Output looks useful and the country and crisis type of changed to align with the new information.

In [35]:
# Another message from the 2012 Colorado wildfires
# This tweet is intersting as it mentions "Belgium". Will the model indetify the US as the country?
msg_5 = "RT @TheUmno: MT @KellyNehls: #photo Unedited photo from New Belgium Brewery #highparkfire #fortcollins #loc New Belgium Brewery # http:/ ..."

prompt = ChatPromptTemplate.from_template(template=template_string)
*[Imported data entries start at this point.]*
(* Assume the equation $\partial_tv+A(Av+l(t)v)=0$ satisfies the strong cone condition with constant $\mu>0$ and function $\alpha(t)$. Then there exists $\varepsilon_0>0$ such that for every $0<\varepsilon<\varepsilon_0$ every solution $v(t)$ of this equation satisfies $\frac{d}{dt}V_\varepsilon(v(t))+\big(\alpha(t)+\tfrac12\lambda_1\mu\big)V_\varepsilon(v(t))\le0$ and $\frac{d}{dt}V_{-\varepsilon}(v(t))+\big(\alpha(t)-\tfrac12\lambda_1\mu\big)V_{-\varepsilon}(v(t))\le0.$
   Context: Let $H$ be a real separable Hilbert space with inner product $(\cdot,\cdot)$ and norm $\|\cdot\|_H$, and let $A:D(A)\to H$ be a linear self-adjoint positive operator with compact inverse, with orthonormal eigenbasis $\{e_n\}$, $Ae_n=\lambda_ne_n$, $0<\lambda_1\le\lambda_2\le\dots\to\infty$. For $s\ge0$, $H^s=D(A^{s/2})$ with $\|u\|_{H^s}^2=\sum_n\lambda_n^s|(u,e_n)|^2$; for $s<0$, the completion of $H$. For fixed $N$: $P_N$ the orthoprojector onto $\mathrm{span}\{e_1,\dots,e_N\}$, $Q_N=\mathrm{Id}-P_N$, $\xi_+=P_N\xi$, $\xi_-=Q_N\xi$. $V(\xi)=\|\xi_-\|^2_{H^{-1}}-\|\xi_+\|^2_{H^{-1}}$ and, for $\varepsilon\in\mathbb{R}$, $V_\varepsilon(\xi)=\varepsilon\|\xi\|^2_{H^{-1}}+V(\xi)=(1+\varepsilon)\|\xi_-\|^2_{H^{-1}}-(1-\varepsilon)\|\xi_+\|^2_{H^{-1}}$. $l\in L^\infty(\mathbb{R},\mathcal L(H,H))$ with $\|l(t)\|_{\mathcal L(H,H)}\le L$. Strong cone condition for $\partial_tv+A(Av+l(t)v)=0$: there exist $\mu>0$ and $\alpha:\mathbb{R}\to\mathbb{R}$ with $0<\alpha_-\le\alpha(t)\le\alpha_+$ such that every solution $v(t)$, $t\in[S,T]$, satisfies $\frac{d}{dt}V(v(t))+\alpha(t)V(v(t))\le-\mu\|v(t)\|_H^2$ for all $t\in[S,T]$. *)

theory Defs
  imports "HOL-Analysis.Analysis"
begin

text \<open>
  The operator A is given through its orthonormal eigenbasis e and eigenvalues lam:
  A e n = lam n * e n.  Indexing starts at 0, so lam 0 is the paper's lambda_1 and
  P_N projects onto span of e 0, ..., e (N-1).
\<close>

definition spectral_basis :: "(nat \<Rightarrow> 'a::{real_inner,complete_space}) \<Rightarrow> (nat \<Rightarrow> real) \<Rightarrow> bool" where
  "spectral_basis e lam \<longleftrightarrow>
     (\<forall>n m. e n \<bullet> e m = (if n = m then 1 else 0)) \<and>
     (\<forall>u. (\<forall>n. u \<bullet> e n = 0) \<longrightarrow> u = 0) \<and>
     0 < lam 0 \<and> (\<forall>n. lam n \<le> lam (Suc n)) \<and> filterlim lam at_top sequentially"

definition opA :: "(nat \<Rightarrow> 'a::{real_inner,complete_space}) \<Rightarrow> (nat \<Rightarrow> real) \<Rightarrow> 'a \<Rightarrow> 'a" where
  "opA e lam u = (\<Sum>n. (lam n * (u \<bullet> e n)) *\<^sub>R e n)"

definition hnorm2 :: "(nat \<Rightarrow> 'a::real_inner) \<Rightarrow> (nat \<Rightarrow> real) \<Rightarrow> real \<Rightarrow> 'a \<Rightarrow> real" where
  "hnorm2 e lam s u = (\<Sum>n. lam n powr s * (u \<bullet> e n)\<^sup>2)"

definition projP :: "(nat \<Rightarrow> 'a::real_inner) \<Rightarrow> nat \<Rightarrow> 'a \<Rightarrow> 'a" where
  "projP e N u = (\<Sum>n<N. (u \<bullet> e n) *\<^sub>R e n)"

definition projQ :: "(nat \<Rightarrow> 'a::real_inner) \<Rightarrow> nat \<Rightarrow> 'a \<Rightarrow> 'a" where
  "projQ e N u = u - projP e N u"

definition Vfun :: "(nat \<Rightarrow> 'a::real_inner) \<Rightarrow> (nat \<Rightarrow> real) \<Rightarrow> nat \<Rightarrow> 'a \<Rightarrow> real" where
  "Vfun e lam N \<xi> = hnorm2 e lam (-1) (projQ e N \<xi>) - hnorm2 e lam (-1) (projP e N \<xi>)"

definition Veps :: "(nat \<Rightarrow> 'a::real_inner) \<Rightarrow> (nat \<Rightarrow> real) \<Rightarrow> nat \<Rightarrow> real \<Rightarrow> 'a \<Rightarrow> real" where
  "Veps e lam N \<epsilon> \<xi> = \<epsilon> * hnorm2 e lam (-1) \<xi> + Vfun e lam N \<xi>"

text \<open>l in L^infinity(R, L(H,H)) with operator norm bounded by L (strongly measurable).\<close>
definition bounded_op_family :: "(real \<Rightarrow> 'a::{real_inner,complete_space} \<Rightarrow> 'a) \<Rightarrow> real \<Rightarrow> bool" where
  "bounded_op_family l L \<longleftrightarrow>
     (\<forall>t. bounded_linear (l t) \<and> onorm (l t) \<le> L) \<and>
     (\<forall>u. (\<lambda>t. l t u) \<in> borel_measurable borel)"

text \<open>Solutions of  v' + A(A v + l(t) v) = 0  on [S,T]: v(t) lies in H^1, v is continuous
  with values in H^1, and the equation holds tested against every eigenvector e_n:
  d/dt (v(t),e_n) = - lam_n (lam_n (v(t),e_n) + (l(t) v(t), e_n)).\<close>
definition is_solution :: "(nat \<Rightarrow> 'a::{real_inner,complete_space}) \<Rightarrow> (nat \<Rightarrow> real) \<Rightarrow>
    (real \<Rightarrow> 'a \<Rightarrow> 'a) \<Rightarrow> real \<Rightarrow> real \<Rightarrow> (real \<Rightarrow> 'a) \<Rightarrow> bool" where
  "is_solution e lam l S T v \<longleftrightarrow>
     (\<forall>t\<in>{S..T}. summable (\<lambda>n. lam n * (v t \<bullet> e n)\<^sup>2)) \<and>
     (\<forall>t0\<in>{S..T}. ((\<lambda>t. hnorm2 e lam 1 (v t - v t0)) \<longlongrightarrow> 0) (at t0 within {S..T})) \<and>
     (\<forall>n. \<forall>t\<in>{S..T}. ((\<lambda>s. v s \<bullet> e n) has_real_derivative
         (- lam n * (lam n * (v t \<bullet> e n) + (l t (v t) \<bullet> e n)))) (at t within {S..T}))"

definition strong_cone_condition :: "(nat \<Rightarrow> 'a::{real_inner,complete_space}) \<Rightarrow> (nat \<Rightarrow> real) \<Rightarrow> nat \<Rightarrow>
    (real \<Rightarrow> 'a \<Rightarrow> 'a) \<Rightarrow> real \<Rightarrow> (real \<Rightarrow> real) \<Rightarrow> bool" where
  "strong_cone_condition e lam N l \<mu> \<alpha> \<longleftrightarrow>
     0 < \<mu> \<and> (\<exists>am ap. 0 < am \<and> (\<forall>t. am \<le> \<alpha> t \<and> \<alpha> t \<le> ap)) \<and>
     (\<forall>S T v. S < T \<longrightarrow> is_solution e lam l S T v \<longrightarrow>
        (\<forall>t\<in>{S..T}. \<exists>D. ((\<lambda>s. Vfun e lam N (v s)) has_real_derivative D) (at t within {S..T}) \<and>
             D + \<alpha> t * Vfun e lam N (v t) \<le> - \<mu> * (norm (v t))\<^sup>2))"

end

theory Submission
  imports Defs
begin

text \<open>
  Let Q and P be the squared H^-1 norms of the high and low modes, so V = Q - P and
  V_eps = (1 + eps) V + 2 eps P. Since P involves only the first N modes, its derivative along a
  solution is a finite sum bounded by 2 K |v|^2 with K = sum_{n<N} (lambda_n + L), and
  lambda_1 Q, lambda_1 P are at most |v|^2. Multiplying the strong cone inequality by 1 +- eps,
  the term -mu |v|^2 absorbs both the shift +- lambda_1 mu / 2 of the rate and the O(eps) |v|^2
  perturbation coming from 2 eps P.
\<close>

definition orthonormal_seq :: "(nat \<Rightarrow> 'a::real_inner) \<Rightarrow> bool" where
  "orthonormal_seq e \<longleftrightarrow> (\<forall>n m. e n \<bullet> e m = (if n = m then 1 else 0))"

lemma spectral_basis_orthonormal: "spectral_basis e lam \<Longrightarrow> orthonormal_seq e"
  unfolding spectral_basis_def orthonormal_seq_def by blast

lemma spectral_basis_eigenvalues:
  assumes "spectral_basis e lam"
  shows "0 < lam 0" and "lam 0 \<le> lam n" and "0 < lam n"
proof -
  show "0 < lam 0" using assms unfolding spectral_basis_def by blast
  show "lam 0 \<le> lam n" using assms unfolding spectral_basis_def by (metis lift_Suc_mono_le zero_le)
  with \<open>0 < lam 0\<close> show "0 < lam n" by linarith
qed

lemma inner_projP:
  assumes "orthonormal_seq e"
  shows "projP e N u \<bullet> e m = (if m < N then u \<bullet> e m else 0)"
proof -
  have "projP e N u \<bullet> e m = (\<Sum>n<N. (u \<bullet> e n) * (if n = m then 1 else 0))"
    using assms unfolding projP_def orthonormal_seq_def by (simp add: inner_sum_left)
  also have "\<dots> = (if m < N then u \<bullet> e m else 0)"
    by (simp add: if_distrib[of "\<lambda>x. _ * x"] sum.delta' cong: if_cong)
  finally show ?thesis .
qed

lemma inner_projQ:
  assumes "orthonormal_seq e"
  shows "projQ e N u \<bullet> e m = (if m < N then 0 else u \<bullet> e m)"
  using inner_projP[OF assms] unfolding projQ_def by (simp add: inner_diff_left)

lemma abs_inner_orthonormal_le:
  assumes "orthonormal_seq e"
  shows "\<bar>u \<bullet> e n\<bar> \<le> norm u"
proof -
  have "norm (e n) = 1"
    using assms unfolding orthonormal_seq_def by (metis norm_eq_sqrt_inner real_sqrt_one)
  then show ?thesis using Cauchy_Schwarz_ineq2[of u "e n"] by simp
qed

lemma bessel_partial_sum:
  assumes "orthonormal_seq e"
  shows "(\<Sum>n<M. (u \<bullet> e n)\<^sup>2) \<le> (norm u)\<^sup>2"
proof -
  let ?P = "projP e M u"
  have PP: "?P \<bullet> ?P = (\<Sum>n<M. (u \<bullet> e n)\<^sup>2)"
    by (subst (1) projP_def)
       (simp add: inner_sum_left inner_commute[of "e _"] inner_projP[OF assms] power2_eq_square)
  have uP: "u \<bullet> ?P = (\<Sum>n<M. (u \<bullet> e n)\<^sup>2)"
    unfolding projP_def by (simp add: inner_sum_right power2_eq_square)
  have "0 \<le> (u - ?P) \<bullet> (u - ?P)" by simp
  also have "\<dots> = u \<bullet> u - 2 * (u \<bullet> ?P) + ?P \<bullet> ?P"
    by (simp add: inner_diff_left inner_diff_right inner_commute)
  finally show ?thesis using PP uP by (simp add: power2_norm_eq_inner)
qed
messages = prompt.format_messages(tweet=msg_5,
                                format_instructions=format_instructions)

messages

[HumanMessage(content='You are crisis response person that needs to understand the relevance of tweets. You help identify relevant information in a crisis.\n\nTake the tweet below delimited by triple backticks and use it to understand the sentiment, the crisis type and country it relates to.\n\ntweet: ```RT @TheUmno: MT @KellyNehls: #photo Unedited photo from New Belgium Brewery #highparkfire #fortcollins #loc New Belgium Brewery # http:/ ...```\n\nThe output should be a markdown code snippet formatted in the following schema, including the leading and trailing "```json" and "```":\n\n```json\n{\n\t"sentiment": string  // This is the senitment of the tweet\n\t"crisis_type": string  // This is type of crisis (e.g. flooding, bushfire, typhoon)\n\t"country": string  // This is the country where the crisis is located\n}\n```\n', additional_kwargs={}, example=False)]

In [36]:
response = chat_llm(messages)
response

AIMessage(content='```json\n{\n\t"sentiment": "neutral",\n\t"crisis_type": "wildfire",\n\t"country": "United States"\n}\n```', additional_kwargs={}, example=False)

In [37]:
response_as_dict = output_parser.parse(response.content)
response_as_dict

{'sentiment': 'neutral', 'crisis_type': 'wildfire', 'country': 'United States'}

Country has been predicted correctly.

## Results
The method seems to produce predictable results that looks to be correct.

## Next steps
- Can Falcon 7B/Llama be used with the structuredoutputparser? If so, will it work as well?

- Can this process be scaled?

- Can it predict informativeness?

## Questions/Thoughts
Have these tweets been fed into the model during the training process? If so, is the model just regurgitating what it already knows? Would it be as effective on an unseen dataset?